I find it fascinating that these sub-cultures of using statistical techniques in slightly different ways have developed in different disciplines and would be very interested in talking more to people from these different disciplines to see what we can cross-fertilise!

Data science meets life: is there an evidence base for evidence-based policy-making?


There’s generally been a big push in the UK in recent years towards evidence-based decision-making but relatively little research (as far as I’m aware) into whether or how providing evidence changes decisions of policy-makers making real decisions. For example, does evidence reduce confirmation bias or are decision-makers selective about which evidence they use and how much they scrutinise evidence they disagree with? Do decision-makers use a different process to come to a decision when there are evidence available to them? How do decision-makers arbitrate between conflicting evidence? How do decision-makers deal with a cacophony of evidence? How do they interpret the uncertainty and caveats associated with the evidence? I believe there’s a bit more research on best ways to present evidence (e.g. the importance of visualisations) but there’s still a long way to go before most of the evidence found gets presented this way.

So I’m generally interested in this question of understanding how providing evidence affects decision-making from a perspective of how to do it better so that we can get more evidence-based policy.

My intended plan was to compare green papers (initial policy documents in the UK) to ideals of evidence-based documents.  Unfortunately, green papers are not easily accessible via scrapping or an API (as far as I could investigate – please let me know if you know otherwise!). So I decided to focus my efforts on debates in parliament – a slightly different group of people who are less focused on selecting an evidence-based implementation of a policy but who are nonetheless involved in selecting which issues to focus on.  This prioritisation process no doubt involves other considerations than which issue they could have the most impact on, for example, what is likely to get them re-elected but I think is a useful exercise nonetheless.


My goal was to get an idea of how evidence-based each of the speeches were. So I compared how similar each of them was to ‘ideal’ evidence-based speeches, and used these similarity scores as a proxy for ‘evidence-basedness’.  I then used evidence-basedness as an input into quantitative models to investigate whether:

  1. Debates had become more evidence-based over time;
  2. Specific topics were more evidence-based.


Accessing the Data

Theyworkforyou provides an API to make parliamentary debates more easily accessible. I initially used this API but, on advice from Theyworkforyou, used rsync access all of the xml files from 1935 to the present day as the rsync method is faster.  I stored all of the xml files in an AWS volume. I parsed the data using BeautifulSoup and then stored it in a csv file once it was in tabular format. The format of the xml files changes over the years and so it was a little fiddly extracting the necessary information and required considerable error handling.  I selected debates from the years 2000 – 2018 to focus on the current evidence-based movement (although I would like to investigate how the evidence-basedness has changed over time too). This gave me about 800,000 speeches.

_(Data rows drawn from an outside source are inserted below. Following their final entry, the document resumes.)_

(* Let $f(t)=e^{-t}/(-\log(1-e^{-t}))$ for $t>0$. Then, as $x\to\infty$, $$\int_0^{x}\log\big(1+(x-t)f(t)\big)\,f(t)\,dt=x\log x-x+O(\log x).$$ *)

theory Defs
  imports "HOL-Analysis.Analysis" "HOL-Library.Landau_Symbols"
begin

definition f8 :: "real \<Rightarrow> real" where
  "f8 t = exp (- t) / (- ln (1 - exp (- t)))"

end

theory Submission
  imports Defs "HOL-Real_Asymp.Real_Asymp"
begin

(* Put L = ln (1 + x). The comparison kernel ln (1 + x - t) has integral (1 + x) L - x over [0, x],
   which is x ln x - x + O(log x). Since -ln (1 - u) lies between u and u / (1 - u), we have
   1 - e^-t <= f(t) <= 1, so the integrand is at most ln (1 + x - t), and, using -g ln g <= 1 - g
   for g = 1 - e^-t, at least ln (1 + x - t) - e^-t (L + 1). The integral of the correction is
   at most L + 1. *)

lemma ln_one_minus_ge:
  fixes u :: real
  assumes "0 \<le> u" "u < 1"
  shows "- (u / (1 - u)) \<le> ln (1 - u)"
proof -
  have "ln (1 / (1 - u)) \<le> 1 / (1 - u) - 1"
    using assms by (intro ln_le_minus_one) simp
  with assms show ?thesis
    by (simp add: ln_div field_simps)
qed

lemma divide_minus_ln_one_minus_bounds:
  fixes u :: real
  assumes "0 < u" "u < 1"
  shows "1 - u \<le> u / - ln (1 - u)" "u / - ln (1 - u) \<le> 1"
proof -
  have lower: "u \<le> - ln (1 - u)"
    using ln_one_minus_pos_upper_bound[of u] assms by simp
  have upper: "- ln (1 - u) \<le> u / (1 - u)"
    using ln_one_minus_ge[of u] assms by simp
  have pos: "0 < - ln (1 - u)"
    using lower assms by linarith
  show "u / - ln (1 - u) \<le> 1"
    using lower pos by (metis divide_le_eq_1_pos)
  show "1 - u \<le> u / - ln (1 - u)"
    using upper pos assms by (simp add: field_simps)
qed

lemma f8_ge: "0 \<le> t \<Longrightarrow> 1 - exp (- t) \<le> f8 t"
  using divide_minus_ln_one_minus_bounds(1)[of "exp (- t)"]
  by (cases "t = 0") (simp_all add: f8_def)

lemma f8_le_one: "0 \<le> t \<Longrightarrow> f8 t \<le> 1"
  using divide_minus_ln_one_minus_bounds(2)[of "exp (- t)"]
  by (cases "t = 0") (simp_all add: f8_def)

lemma f8_nonneg:
  assumes "0 \<le> t"
  shows "0 \<le> f8 t"
proof -
  have "exp (- t) \<le> 1"
    using assms by simp
  then show ?thesis
    using f8_ge[OF assms] by linarith
qed

lemma continuous_on_f8: "continuous_on {0..} f8"
proof -
  have "continuous (at t within {0..}) f8" if "0 \<le> t" for t
  proof (cases "t = 0")
    case True
    \<comment> \<open>HOL's junk value ln 0 = 0 makes f8 0 = 0, which is also the limit at 0+.\<close>
    have "(f8 \<longlongrightarrow> 0) (at_right 0)"
      unfolding f8_def by real_asymp
    then show ?thesis
      using True by (simp add: continuous_within at_within_Ici_at_right f8_def)
  next
    case False
    with that have "0 < 1 - exp (- t)" "ln (1 - exp (- t)) \<noteq> 0"
      by simp_all
    then have "isCont f8 t"
      unfolding f8_def by (intro continuous_intros) auto
    then show ?thesis
      by (rule continuous_at_imp_continuous_within)
  qed
  then show ?thesis
    by (simp add: continuous_on_eq_continuous_within)
qed

lemma weighted_ln_one_plus_le:
  fixes s f :: real
  assumes "0 \<le> s" "0 \<le> f" "f \<le> 1"
  shows "ln (1 + s * f) * f \<le> ln (1 + s)"
proof -
  have "0 \<le> s * f" "s * f \<le> s"
    using assms by (simp_all add: mult_left_le)
  then have "0 \<le> ln (1 + s * f)" "ln (1 + s * f) \<le> ln (1 + s)"
    by simp_all
  moreover have "ln (1 + s * f) * f \<le> ln (1 + s * f)"
    using assms \<open>0 \<le> ln (1 + s * f)\<close> by (intro mult_left_le)
  ultimately show ?thesis
    by linarith
qed

lemma weighted_ln_one_plus_ge:
  fixes s f g :: real
  assumes "0 \<le> s" "0 \<le> g" "g \<le> f" "f \<le> 1"
  shows "ln (1 + s) - (1 - g) * (ln (1 + s) + 1) \<le> ln (1 + s * f) * f"
proof (cases "g = 0")
  case True
  have "0 \<le> ln (1 + s * f) * f"
    using assms by simp
  then show ?thesis
    using True by simp
next
  case False
  with assms have g: "0 < g" "g \<le> 1" by simp_all
  have "g - 1 \<le> g * ln g"
    using ln_one_minus_ge[of "1 - g"] g by (simp add: field_simps)
  moreover have "ln (g * (1 + s)) \<le> ln (1 + s * g)"
    using g assms by (intro ln_mono) (simp_all add: algebra_simps add_pos_nonneg)
  then have "g * ln g + g * ln (1 + s) \<le> g * ln (1 + s * g)"
    using g assms by (simp add: ln_mult flip: distrib_left)
  moreover have "ln (1 + s * g) \<le> ln (1 + s * f)"
    using assms g by (intro ln_mono add_left_mono mult_left_mono) (simp_all add: add_pos_nonneg)
  then have "g * ln (1 + s * g) \<le> f * ln (1 + s * f)"
    using assms g by (intro mult_mono) simp_all
  ultimately show ?thesis
    by (simp add: algebra_simps)
qed

lemma has_integral_ln_one_plus_diff:
  fixes x :: real
  assumes "0 \<le> x"
  shows "((\<lambda>t. ln (1 + (x - t))) has_integral (1 + x) * ln (1 + x) - x) {0..x}"
proof -
  define G where "G t = (1 + x - t) - (1 + x - t) * ln (1 + x - t)" for t
  have "(G has_real_derivative ln (1 + (x - t))) (at t)" if "t \<in> {0..x}" for t
  proof -
    have "0 < 1 + x - t"
      using that by simp
    then show ?thesis
      unfolding G_def
      by (auto intro!: derivative_eq_intros simp: algebra_simps) (simp add: field_simps)
  qed
  then have "((\<lambda>t. ln (1 + (x - t))) has_integral G x - G 0) {0..x}"
    using assms
    by (intro fundamental_theorem_of_calculus)
       (auto simp: has_real_derivative_iff_has_vector_derivative has_vector_derivative_at_within)
  then show ?thesis
    by (simp add: G_def algebra_simps)
qed

lemma has_integral_exp_minus:
  fixes a b :: real
  assumes "a \<le> b"
  shows "((\<lambda>t. exp (- t)) has_integral exp (- a) - exp (- b)) {a..b}"
proof -
  have "((\<lambda>t. - exp (- t)) has_real_derivative exp (- t)) (at t)" for t :: real
    by (auto intro!: derivative_eq_intros)
  then have "((\<lambda>t. exp (- t)) has_integral - exp (- b) - - exp (- a)) {a..b}"
    using assms
    by (intro fundamental_theorem_of_calculus)
       (auto simp: has_real_derivative_iff_has_vector_derivative has_vector_derivative_at_within)
  then show ?thesis
    by simp
qed

lemma f8_integrand_bounds:
  fixes x t :: real
  assumes "0 \<le> t" "t \<le> x"
  shows "ln (1 + (x - t)) - exp (- t) * (ln (1 + x) + 1) \<le> ln (1 + (x - t) * f8 t) * f8 t"
    and "ln (1 + (x - t) * f8 t) * f8 t \<le> ln (1 + (x - t))"
proof -
  have s: "0 \<le> x - t" and g: "0 \<le> 1 - exp (- t)"
    using assms by simp_all
  have "1 - (1 - exp (- t)) = exp (- t)"
    by simp
  then have "ln (1 + (x - t)) - exp (- t) * (ln (1 + (x - t)) + 1) \<le> ln (1 + (x - t) * f8 t) * f8 t"
    using weighted_ln_one_plus_ge[OF s g f8_ge[OF assms(1)] f8_le_one[OF assms(1)]] by simp
  moreover have "exp (- t) * (ln (1 + (x - t)) + 1) \<le> exp (- t) * (ln (1 + x) + 1)"
    using assms by (intro mult_left_mono) simp_all
  ultimately show "ln (1 + (x - t)) - exp (- t) * (ln (1 + x) + 1) \<le> ln (1 + (x - t) * f8 t) * f8 t"
    by linarith
  show "ln (1 + (x - t) * f8 t) * f8 t \<le> ln (1 + (x - t))"
    by (rule weighted_ln_one_plus_le[OF s f8_nonneg[OF assms(1)] f8_le_one[OF assms(1)]])
qed

lemma f8_integral_error_le:
  fixes x :: real
  assumes "0 < x"
  shows "\<bar>integral {0..x} (\<lambda>t. ln (1 + (x - t) * f8 t) * f8 t) - (x * ln x - x)\<bar> \<le> ln (1 + x) + 1"
proof -
  define L where "L = ln (1 + x)"
  define c where "c = (1 - exp (- x)) * (L + 1)"
  define \<phi> where "\<phi> t = ln (1 + (x - t) * f8 t) * f8 t" for t
  define I where "I = integral {0..x} \<phi>"
  have "1 + (x - t) * f8 t \<noteq> 0" if "0 \<le> t" "t \<le> x" for t
  proof -
    have "0 \<le> (x - t) * f8 t"
      using that f8_nonneg[of t] by simp
    then show ?thesis
      by linarith
  qed
  then have "continuous_on {0..x} \<phi>"
    unfolding \<phi>_def by (intro continuous_intros continuous_on_subset[OF continuous_on_f8]) auto
  then have \<phi>: "(\<phi> has_integral I) {0..x}"
    unfolding I_def by (intro integrable_integral integrable_continuous_interval)
  have \<psi>: "((\<lambda>t. ln (1 + (x - t))) has_integral (1 + x) * L - x) {0..x}"
    unfolding L_def using assms by (intro has_integral_ln_one_plus_diff) simp
  have "((\<lambda>t. exp (- t) * (L + 1)) has_integral c) {0..x}"
    unfolding c_def using assms has_integral_exp_minus[of 0 x]
    by (intro has_integral_mult_left) simp
  from has_integral_diff[OF \<psi> this]
  have "(1 + x) * L - x - c \<le> I"
    by (rule has_integral_le[OF _ \<phi>]) (simp add: \<phi>_def L_def f8_integrand_bounds(1))
  moreover have "I \<le> (1 + x) * L - x"
    by (rule has_integral_le[OF \<phi> \<psi>]) (simp add: \<phi>_def f8_integrand_bounds(2))
  moreover have "0 \<le> c" "c \<le> L + 1" "0 \<le> L"
    using assms by (simp_all add: c_def L_def mult_left_le_one_le)
  moreover have "0 \<le> x * (L - ln x)" "x * (L - ln x) \<le> 1"
  proof -
    have "ln (1 + 1 / x) = ln ((1 + x) / x)"
      using assms by (simp add: field_simps)
    also have "\<dots> = L - ln x"
      using assms by (simp add: L_def ln_div)
    finally have "L - ln x = ln (1 + 1 / x)"
      by simp
    moreover have "0 \<le> ln (1 + 1 / x)" "ln (1 + 1 / x) \<le> 1 / x"
      using assms by (simp_all add: ln_add_one_self_le_self)
    ultimately show "0 \<le> x * (L - ln x)" "x * (L - ln x) \<le> 1"
      using assms mult_left_mono[of "ln (1 + 1 / x)" "1 / x" x] by simp_all
  qed
  ultimately show ?thesis
    unfolding \<phi>_def[symmetric] I_def[symmetric] L_def[symmetric]
    by (simp add: abs_le_iff algebra_simps)
qed

theorem mainTheorem8:
  shows "(\<lambda>x::real. integral {0..x} (\<lambda>t. ln (1 + (x - t) * f8 t) * f8 t) - (x * ln x - x))
           \<in> O[at_top](\<lambda>x. ln x)"
proof (rule landau_o.big_trans)
  have "\<forall>\<^sub>F x in at_top. norm (integral {0..x} (\<lambda>t. ln (1 + (x - t) * f8 t) * f8 t) - (x * ln x - x))
          \<le> 1 * norm (ln (1 + x) + 1)"
    using eventually_gt_at_top[of 0] by eventually_elim (use f8_integral_error_le in auto)
  then show "(\<lambda>x. integral {0..x} (\<lambda>t. ln (1 + (x - t) * f8 t) * f8 t) - (x * ln x - x))
               \<in> O[at_top](\<lambda>x. ln (1 + x) + 1)"
    by (rule bigoI)
  show "(\<lambda>x::real. ln (1 + x) + 1) \<in> O[at_top](\<lambda>x. ln x)"
    by real_asymp
qed

end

To prepare the text data for analysis, I lematised the words. This made sure that plurals and conjugations of the words didn’t show up as different features.  I also removed stop words (e.g. ‘the’, ‘a’) which are effectively noise in the context of NLP. I then created a ‘bag of words’ with words and bigrams (two concurrent words) so that I could take into account negations (e.g. ‘not good’) and qualifiers (e.g. ‘terribly bad’).  I then translated this bag of words into a TF-IDF (term frequency inverse document frequency) matrix where each speech (‘document’) is represented by vector of words which each have a score. The score represents how frequent the word is in that speech relative to how frequent it is in other speeches. This gives an idea of how important the word is to define that document uniquely – words which are frequent across all documents in the corpora have a lower score than words which are frequent in that document but not elsewhere.  In making the TF-IDF matrix, I experimented with the parameters (minimum frequency, maximum frequency, maximum number of features) to pick up as much signal as possible whilst avoiding running into memory errors (my 100GB AWS volume was still struggling!) This gave me about 1200 features and so I needed to reduce the dimensionality.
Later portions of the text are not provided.